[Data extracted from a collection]
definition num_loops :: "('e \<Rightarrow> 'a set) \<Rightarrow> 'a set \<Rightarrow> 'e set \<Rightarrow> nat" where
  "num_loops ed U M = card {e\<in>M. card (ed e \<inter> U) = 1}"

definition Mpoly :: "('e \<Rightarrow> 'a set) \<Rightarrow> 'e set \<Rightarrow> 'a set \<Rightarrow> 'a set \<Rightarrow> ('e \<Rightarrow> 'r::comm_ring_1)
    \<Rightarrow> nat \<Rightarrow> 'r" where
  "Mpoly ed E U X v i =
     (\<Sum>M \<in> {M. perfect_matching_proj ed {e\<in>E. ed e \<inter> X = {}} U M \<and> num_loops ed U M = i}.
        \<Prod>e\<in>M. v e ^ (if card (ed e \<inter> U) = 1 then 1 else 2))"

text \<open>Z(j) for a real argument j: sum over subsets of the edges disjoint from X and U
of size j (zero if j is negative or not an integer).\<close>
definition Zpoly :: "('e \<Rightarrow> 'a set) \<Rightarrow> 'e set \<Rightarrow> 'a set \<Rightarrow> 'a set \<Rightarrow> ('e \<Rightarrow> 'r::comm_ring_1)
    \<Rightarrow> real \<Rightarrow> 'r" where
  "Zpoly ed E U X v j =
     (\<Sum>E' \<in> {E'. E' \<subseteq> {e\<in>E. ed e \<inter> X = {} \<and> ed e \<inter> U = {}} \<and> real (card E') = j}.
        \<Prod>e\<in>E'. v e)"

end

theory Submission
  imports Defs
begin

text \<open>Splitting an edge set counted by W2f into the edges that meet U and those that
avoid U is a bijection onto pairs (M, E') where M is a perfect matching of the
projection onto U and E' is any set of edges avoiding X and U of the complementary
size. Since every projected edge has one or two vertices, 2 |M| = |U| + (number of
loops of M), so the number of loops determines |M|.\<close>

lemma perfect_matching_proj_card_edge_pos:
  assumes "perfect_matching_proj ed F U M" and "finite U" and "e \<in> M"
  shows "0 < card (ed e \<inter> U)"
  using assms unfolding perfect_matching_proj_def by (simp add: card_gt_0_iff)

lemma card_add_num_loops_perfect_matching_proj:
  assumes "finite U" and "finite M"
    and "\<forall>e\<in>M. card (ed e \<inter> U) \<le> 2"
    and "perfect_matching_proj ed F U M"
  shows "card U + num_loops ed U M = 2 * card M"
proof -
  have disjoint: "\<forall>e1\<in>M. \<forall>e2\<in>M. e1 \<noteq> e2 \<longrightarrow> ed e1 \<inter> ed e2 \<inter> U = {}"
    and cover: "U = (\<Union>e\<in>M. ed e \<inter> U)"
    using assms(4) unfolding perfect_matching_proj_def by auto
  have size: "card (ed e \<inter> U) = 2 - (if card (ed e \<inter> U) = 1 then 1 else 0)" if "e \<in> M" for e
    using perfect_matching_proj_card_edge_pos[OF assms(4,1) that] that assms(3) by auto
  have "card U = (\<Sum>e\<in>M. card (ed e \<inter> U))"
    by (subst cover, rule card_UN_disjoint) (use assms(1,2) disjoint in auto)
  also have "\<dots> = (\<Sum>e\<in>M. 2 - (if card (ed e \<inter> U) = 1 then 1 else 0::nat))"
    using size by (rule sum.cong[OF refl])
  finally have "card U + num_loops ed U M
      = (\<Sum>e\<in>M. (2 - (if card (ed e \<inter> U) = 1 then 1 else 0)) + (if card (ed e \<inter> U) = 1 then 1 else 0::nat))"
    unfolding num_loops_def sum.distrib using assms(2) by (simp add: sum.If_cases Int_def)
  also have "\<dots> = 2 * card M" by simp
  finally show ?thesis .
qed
--
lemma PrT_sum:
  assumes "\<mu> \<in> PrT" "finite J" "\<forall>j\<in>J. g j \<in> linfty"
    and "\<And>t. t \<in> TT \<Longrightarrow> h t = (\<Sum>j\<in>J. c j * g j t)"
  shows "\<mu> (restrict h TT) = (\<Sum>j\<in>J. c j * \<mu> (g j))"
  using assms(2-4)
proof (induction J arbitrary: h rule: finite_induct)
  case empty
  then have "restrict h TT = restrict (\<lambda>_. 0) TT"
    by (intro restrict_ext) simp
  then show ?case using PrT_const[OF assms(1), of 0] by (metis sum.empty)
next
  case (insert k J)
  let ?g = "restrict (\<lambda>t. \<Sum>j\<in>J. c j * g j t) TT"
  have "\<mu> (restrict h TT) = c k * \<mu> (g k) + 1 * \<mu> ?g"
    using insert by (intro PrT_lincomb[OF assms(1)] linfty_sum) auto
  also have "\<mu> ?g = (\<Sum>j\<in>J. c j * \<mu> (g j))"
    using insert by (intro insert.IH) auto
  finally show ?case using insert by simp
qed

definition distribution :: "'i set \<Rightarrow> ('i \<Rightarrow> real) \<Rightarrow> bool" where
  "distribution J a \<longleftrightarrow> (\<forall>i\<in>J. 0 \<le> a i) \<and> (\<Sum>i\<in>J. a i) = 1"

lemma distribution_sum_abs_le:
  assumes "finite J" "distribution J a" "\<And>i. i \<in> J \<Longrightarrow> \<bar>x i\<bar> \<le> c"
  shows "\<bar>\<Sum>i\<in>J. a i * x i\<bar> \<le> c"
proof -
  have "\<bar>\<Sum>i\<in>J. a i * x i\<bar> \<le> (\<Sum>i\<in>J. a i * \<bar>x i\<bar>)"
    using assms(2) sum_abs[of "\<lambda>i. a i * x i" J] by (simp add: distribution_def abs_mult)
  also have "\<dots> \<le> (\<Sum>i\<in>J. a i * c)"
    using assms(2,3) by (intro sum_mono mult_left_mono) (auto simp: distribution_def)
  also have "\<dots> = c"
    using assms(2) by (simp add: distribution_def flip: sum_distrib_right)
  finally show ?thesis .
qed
==
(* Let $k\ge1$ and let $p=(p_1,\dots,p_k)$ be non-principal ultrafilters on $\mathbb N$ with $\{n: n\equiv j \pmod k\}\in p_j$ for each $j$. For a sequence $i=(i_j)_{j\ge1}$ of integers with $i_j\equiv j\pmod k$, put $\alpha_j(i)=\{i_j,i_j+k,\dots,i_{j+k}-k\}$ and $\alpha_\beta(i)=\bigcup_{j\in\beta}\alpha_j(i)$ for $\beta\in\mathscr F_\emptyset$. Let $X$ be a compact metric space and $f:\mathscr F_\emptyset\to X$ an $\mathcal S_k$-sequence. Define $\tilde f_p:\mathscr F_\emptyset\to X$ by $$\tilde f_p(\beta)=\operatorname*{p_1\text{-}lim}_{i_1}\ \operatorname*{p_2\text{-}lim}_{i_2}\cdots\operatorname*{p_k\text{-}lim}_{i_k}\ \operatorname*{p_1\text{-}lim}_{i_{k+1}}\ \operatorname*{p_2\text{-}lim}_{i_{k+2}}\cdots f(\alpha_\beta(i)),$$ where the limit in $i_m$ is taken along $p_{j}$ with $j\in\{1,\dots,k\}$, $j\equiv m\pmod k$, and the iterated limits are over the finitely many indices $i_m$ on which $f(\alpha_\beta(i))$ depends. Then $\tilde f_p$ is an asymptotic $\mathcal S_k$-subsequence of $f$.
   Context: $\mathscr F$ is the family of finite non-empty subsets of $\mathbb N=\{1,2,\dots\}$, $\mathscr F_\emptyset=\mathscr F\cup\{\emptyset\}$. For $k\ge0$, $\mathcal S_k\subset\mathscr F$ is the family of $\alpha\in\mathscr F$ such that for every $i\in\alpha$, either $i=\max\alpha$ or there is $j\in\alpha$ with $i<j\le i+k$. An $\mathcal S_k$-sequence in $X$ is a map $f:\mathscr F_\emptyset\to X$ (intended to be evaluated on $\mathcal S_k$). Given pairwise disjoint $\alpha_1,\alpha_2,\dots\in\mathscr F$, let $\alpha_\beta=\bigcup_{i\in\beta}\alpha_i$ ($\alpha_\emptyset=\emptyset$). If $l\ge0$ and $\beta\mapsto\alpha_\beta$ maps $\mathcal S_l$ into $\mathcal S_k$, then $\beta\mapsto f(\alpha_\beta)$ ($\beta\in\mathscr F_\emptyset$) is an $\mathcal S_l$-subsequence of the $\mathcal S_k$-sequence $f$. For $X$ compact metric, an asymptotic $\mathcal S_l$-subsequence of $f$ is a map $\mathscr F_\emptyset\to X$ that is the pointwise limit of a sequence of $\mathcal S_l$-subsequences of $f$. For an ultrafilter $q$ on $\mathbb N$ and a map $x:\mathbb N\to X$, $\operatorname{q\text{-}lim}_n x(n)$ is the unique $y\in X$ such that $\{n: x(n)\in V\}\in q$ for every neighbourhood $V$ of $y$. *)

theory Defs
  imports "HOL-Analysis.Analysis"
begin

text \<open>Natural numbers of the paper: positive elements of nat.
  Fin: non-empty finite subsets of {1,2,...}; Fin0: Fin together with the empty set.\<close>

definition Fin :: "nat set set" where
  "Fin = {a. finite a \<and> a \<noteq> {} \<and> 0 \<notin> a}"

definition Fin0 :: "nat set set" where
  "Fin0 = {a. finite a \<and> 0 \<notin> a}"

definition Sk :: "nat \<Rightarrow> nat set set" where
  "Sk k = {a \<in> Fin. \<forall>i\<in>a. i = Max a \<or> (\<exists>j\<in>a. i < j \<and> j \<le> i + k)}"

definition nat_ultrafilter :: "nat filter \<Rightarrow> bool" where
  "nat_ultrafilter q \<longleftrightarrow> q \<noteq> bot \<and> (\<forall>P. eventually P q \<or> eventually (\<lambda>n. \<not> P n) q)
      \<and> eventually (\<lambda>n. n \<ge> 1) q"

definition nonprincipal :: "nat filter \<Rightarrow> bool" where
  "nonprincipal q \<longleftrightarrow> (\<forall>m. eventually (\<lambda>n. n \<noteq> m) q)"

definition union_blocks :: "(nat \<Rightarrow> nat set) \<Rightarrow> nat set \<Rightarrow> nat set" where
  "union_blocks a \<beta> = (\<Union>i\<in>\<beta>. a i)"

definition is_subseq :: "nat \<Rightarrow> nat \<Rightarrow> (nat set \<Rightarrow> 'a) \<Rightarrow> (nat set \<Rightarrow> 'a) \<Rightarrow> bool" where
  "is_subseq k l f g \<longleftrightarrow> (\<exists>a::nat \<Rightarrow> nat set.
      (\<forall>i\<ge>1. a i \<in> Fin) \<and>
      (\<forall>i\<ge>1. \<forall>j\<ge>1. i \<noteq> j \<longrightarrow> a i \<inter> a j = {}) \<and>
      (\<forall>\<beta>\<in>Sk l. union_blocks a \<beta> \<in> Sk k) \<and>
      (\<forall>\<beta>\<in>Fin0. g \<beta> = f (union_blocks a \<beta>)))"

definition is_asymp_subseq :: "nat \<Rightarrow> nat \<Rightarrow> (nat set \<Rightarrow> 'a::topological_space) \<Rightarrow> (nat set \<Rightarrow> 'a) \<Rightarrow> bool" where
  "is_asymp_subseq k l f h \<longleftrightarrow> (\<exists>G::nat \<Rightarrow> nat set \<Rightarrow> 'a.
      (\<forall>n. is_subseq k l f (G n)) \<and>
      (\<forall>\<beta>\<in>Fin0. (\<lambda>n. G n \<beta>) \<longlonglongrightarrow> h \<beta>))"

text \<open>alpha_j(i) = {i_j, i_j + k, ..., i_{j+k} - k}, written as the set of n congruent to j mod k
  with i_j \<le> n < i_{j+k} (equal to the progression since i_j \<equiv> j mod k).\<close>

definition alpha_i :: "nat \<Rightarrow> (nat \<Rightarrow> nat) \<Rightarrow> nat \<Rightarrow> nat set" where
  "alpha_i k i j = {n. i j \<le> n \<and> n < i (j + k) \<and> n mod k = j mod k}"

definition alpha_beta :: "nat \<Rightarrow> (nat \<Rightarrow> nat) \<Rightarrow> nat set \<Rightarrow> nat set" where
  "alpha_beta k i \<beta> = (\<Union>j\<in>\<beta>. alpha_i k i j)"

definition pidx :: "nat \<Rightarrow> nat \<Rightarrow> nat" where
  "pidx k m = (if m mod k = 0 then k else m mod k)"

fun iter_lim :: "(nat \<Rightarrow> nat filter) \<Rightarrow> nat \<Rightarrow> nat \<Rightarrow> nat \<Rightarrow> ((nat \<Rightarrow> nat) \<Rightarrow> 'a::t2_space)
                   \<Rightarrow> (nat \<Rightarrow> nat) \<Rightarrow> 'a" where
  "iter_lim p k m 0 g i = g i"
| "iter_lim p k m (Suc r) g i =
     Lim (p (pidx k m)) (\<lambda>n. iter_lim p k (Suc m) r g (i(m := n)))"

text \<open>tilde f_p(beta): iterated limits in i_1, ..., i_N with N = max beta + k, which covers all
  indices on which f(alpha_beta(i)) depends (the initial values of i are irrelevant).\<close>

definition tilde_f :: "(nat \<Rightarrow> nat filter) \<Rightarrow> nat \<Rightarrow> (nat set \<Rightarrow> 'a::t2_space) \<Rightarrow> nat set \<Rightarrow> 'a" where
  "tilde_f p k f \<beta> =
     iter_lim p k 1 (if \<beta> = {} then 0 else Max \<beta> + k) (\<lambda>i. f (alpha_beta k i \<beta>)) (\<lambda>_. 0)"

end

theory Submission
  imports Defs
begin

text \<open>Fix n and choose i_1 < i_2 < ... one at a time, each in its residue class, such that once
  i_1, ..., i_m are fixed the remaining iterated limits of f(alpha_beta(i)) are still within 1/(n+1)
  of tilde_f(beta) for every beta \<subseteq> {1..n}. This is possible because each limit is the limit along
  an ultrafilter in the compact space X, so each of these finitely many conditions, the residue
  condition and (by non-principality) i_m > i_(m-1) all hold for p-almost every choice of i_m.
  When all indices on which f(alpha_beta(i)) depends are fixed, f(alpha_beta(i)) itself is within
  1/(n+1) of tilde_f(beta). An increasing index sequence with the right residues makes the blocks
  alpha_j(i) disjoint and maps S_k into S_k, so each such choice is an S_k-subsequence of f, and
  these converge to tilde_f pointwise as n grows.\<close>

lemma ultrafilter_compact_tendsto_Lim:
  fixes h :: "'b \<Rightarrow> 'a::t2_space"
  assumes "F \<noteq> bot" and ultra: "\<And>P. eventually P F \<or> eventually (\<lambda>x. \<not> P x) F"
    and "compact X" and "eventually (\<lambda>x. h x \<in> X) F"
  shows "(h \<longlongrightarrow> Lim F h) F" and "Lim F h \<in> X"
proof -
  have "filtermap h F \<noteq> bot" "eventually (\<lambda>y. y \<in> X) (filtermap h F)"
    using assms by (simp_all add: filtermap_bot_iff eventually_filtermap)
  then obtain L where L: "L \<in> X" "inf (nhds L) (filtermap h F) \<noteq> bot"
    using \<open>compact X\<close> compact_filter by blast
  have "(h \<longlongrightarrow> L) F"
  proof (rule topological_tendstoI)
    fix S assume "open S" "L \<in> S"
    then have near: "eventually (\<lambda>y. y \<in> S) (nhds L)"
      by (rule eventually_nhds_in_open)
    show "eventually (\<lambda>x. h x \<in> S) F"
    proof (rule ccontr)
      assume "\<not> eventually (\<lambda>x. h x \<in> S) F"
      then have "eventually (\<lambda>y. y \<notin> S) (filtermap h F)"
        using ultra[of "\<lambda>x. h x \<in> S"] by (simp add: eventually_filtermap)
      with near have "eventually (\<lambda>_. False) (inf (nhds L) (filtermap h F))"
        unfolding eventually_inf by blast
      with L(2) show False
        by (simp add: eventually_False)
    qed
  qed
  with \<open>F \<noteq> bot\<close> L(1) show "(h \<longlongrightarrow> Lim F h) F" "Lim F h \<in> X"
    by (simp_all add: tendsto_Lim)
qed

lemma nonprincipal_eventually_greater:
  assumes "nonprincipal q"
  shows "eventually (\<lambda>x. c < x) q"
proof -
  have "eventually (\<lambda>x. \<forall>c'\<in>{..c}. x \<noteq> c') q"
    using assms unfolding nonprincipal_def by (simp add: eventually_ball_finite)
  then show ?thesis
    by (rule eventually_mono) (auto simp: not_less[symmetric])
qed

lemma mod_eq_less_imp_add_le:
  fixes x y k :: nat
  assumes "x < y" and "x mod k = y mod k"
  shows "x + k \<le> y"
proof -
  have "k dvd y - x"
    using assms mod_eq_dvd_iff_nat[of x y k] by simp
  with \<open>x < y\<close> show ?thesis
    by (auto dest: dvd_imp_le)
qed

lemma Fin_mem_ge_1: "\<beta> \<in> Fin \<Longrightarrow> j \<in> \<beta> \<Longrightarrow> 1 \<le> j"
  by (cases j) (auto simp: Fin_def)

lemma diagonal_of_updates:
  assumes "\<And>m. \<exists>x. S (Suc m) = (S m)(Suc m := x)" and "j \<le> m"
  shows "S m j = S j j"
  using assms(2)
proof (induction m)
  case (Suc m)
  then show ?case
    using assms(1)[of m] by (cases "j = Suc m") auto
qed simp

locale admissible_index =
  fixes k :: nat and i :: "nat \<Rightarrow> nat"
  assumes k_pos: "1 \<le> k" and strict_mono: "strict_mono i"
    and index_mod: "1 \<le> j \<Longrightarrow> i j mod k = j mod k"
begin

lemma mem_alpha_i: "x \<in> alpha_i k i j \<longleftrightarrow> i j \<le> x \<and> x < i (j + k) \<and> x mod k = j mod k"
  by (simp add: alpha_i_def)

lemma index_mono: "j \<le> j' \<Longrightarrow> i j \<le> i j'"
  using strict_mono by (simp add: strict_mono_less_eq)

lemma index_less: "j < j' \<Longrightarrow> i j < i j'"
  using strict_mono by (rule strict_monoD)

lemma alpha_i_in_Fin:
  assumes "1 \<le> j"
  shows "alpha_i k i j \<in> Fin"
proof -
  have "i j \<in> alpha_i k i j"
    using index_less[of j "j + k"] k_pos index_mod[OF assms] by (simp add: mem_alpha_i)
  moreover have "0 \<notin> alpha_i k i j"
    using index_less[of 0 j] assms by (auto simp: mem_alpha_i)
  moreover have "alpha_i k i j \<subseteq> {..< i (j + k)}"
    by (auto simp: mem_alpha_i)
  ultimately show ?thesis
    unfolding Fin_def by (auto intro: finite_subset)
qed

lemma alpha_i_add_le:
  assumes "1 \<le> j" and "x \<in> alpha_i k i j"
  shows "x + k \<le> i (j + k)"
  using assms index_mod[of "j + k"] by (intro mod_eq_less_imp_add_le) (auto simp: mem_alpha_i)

▸ **Exercise goal**
Every line in the records above with "moreover" in it adds one to the count; give that count and nothing else.

▸ **The completed task**
2